No disponemos de tiempo para desmontar cada uno de estos mitos contra Rodríguez. Por los momentos me limito a recomendar la lectura de las ponencias y  libros sobre Simón Rodríguez de autores y autoras como Gustavo Adolfo Ruíz, Andrés Lashera, Alí Rojas, Thaís Marrero, Emilio Silva, Juan Calzadilla,  Iliuska Pérez, Alejandrina Reyes, Omaira Bolívar, Guillermo Luque  y, especialmente el Aló Presidente que Chávez dedicó a Rodríguez como raíz del socialismo bolivariano.   
II.- Consecuencias de este desatino histórico que consiste en invisibilizar a Rodríguez
Graves han sido  las consecuencias de arrastrar este problema. En primer lugar, en las políticas del  Estado socialista se ignoran o subestiman las posibilidades que para el diseño y aplicación de políticas públicas de corte socialista encierra el ideario de Simón Rodríguez.
En segundo lugar, hemos asistido a una especie de “pedagogización” e incluso de “didactización”  de la doctrina de Simón Rodríguez, el cual es visto simplemente como un “buen maestro”, un  “docente de ideas avanzadas”, ignorando que éste fue en primer lugar un político y revolucionario, el cual se plantea la creación de una nueva sociedad, y en función de ese propósito central, desarrolló una estrategia de sensibilización, concienciación ciudadana y capacitación científico- técnica (ideas, sentimientos y manos) de las masas empobrecidas , a lo que llamó Educación Popular, para de este modo destruir íntegramente el sistema de explotación y la mentalidad imperantes en las sociedades suramericanas de la época, herederas de la colonia, y reemplazarlo por una República de los Pobres, distinta a las Repúblicas de las Élites, propuesta por otros políticos en boga para su época.  
En tercer lugar, se ha subestimado el aspecto ético – asunto cardinal  en la doctrina de Simón Rodríguez – y que tiene como punto de partida el cultivo de la sensibilidad.

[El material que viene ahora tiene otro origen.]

lemma two_powr_sqrt_sum_le_Lcm:
  assumes "9 \<le> s"
  shows "2 powr sqrt (real (\<Sum>{7 * s..8 * s} + 3)) \<le> real (Lcm {7 * s..8 * s})"
proof -
  have "\<Sum>{7 * s..8 * s} \<le> card {7 * s..8 * s} * (8 * s)"
    using sum_bounded_above[of "{7 * s..8 * s}" "\<lambda>i. i" "8 * s"] by simp
  also have "\<dots> = 8 * (s * s) + 8 * s" by (simp add: algebra_simps)
  finally have "\<Sum>{7 * s..8 * s} + 3 \<le> 9 * (s * s)"
    using assms mult_le_mono1[OF assms, of s] by linarith
  then have "\<Sum>{7 * s..8 * s} + 3 \<le> (3 * s)\<^sup>2"
    by (simp add: power2_eq_square)
  then have "real (\<Sum>{7 * s..8 * s} + 3) \<le> (real (3 * s))\<^sup>2"
    by (metis of_nat_le_iff of_nat_power)
  then have "sqrt (real (\<Sum>{7 * s..8 * s} + 3)) \<le> real (3 * s)"
    by (rule real_le_lsqrt[OF of_nat_0_le_iff])
  then have "2 powr sqrt (real (\<Sum>{7 * s..8 * s} + 3)) \<le> 2 powr real (3 * s)"
    by simp
  also have "\<dots> = 2 ^ (3 * s)"
    by (rule powr_realpow) simp
  also have "\<dots> = 8 ^ s"
    by (simp add: power_mult)
  also have "\<dots> \<le> real (8 * s choose s)"
    using binomial_ge_n_over_k_pow_k[of s "8 * s", where 'a = real] assms by simp
  also have "\<dots> \<le> real (7 * s * (7 * s + s choose s))"
    using assms by simp
  also have "\<dots> \<le> real (Lcm {7 * s..7 * s + s})"
    unfolding of_nat_le_iff using assms by (intro binomial_le_Lcm_atLeastAtMost) simp
  finally show ?thesis by simp
qed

Lo decía en su obra Luces y virtudes sociales:”Es menester ser muy sensible y tener mucha imaginación, para convertir el mal ajeno en propio”.
En fin, nos proponemos conquistar el socialismo el cual ha de ser  original. Debe surgir, por tanto, de las peculiaridades de nuestra propia realidad y buscar soluciones propias a nuestros propios problemas. Un socialismo que incorporar el ideario de nuestros libertadores y pensadores, entre ellos el de Simón Rodríguez. Este es el reto y el desafío intelectual que debemos asumir si en verdad aspiramos a construir una sociedad nueva arraigada en nuestra realidad e historia.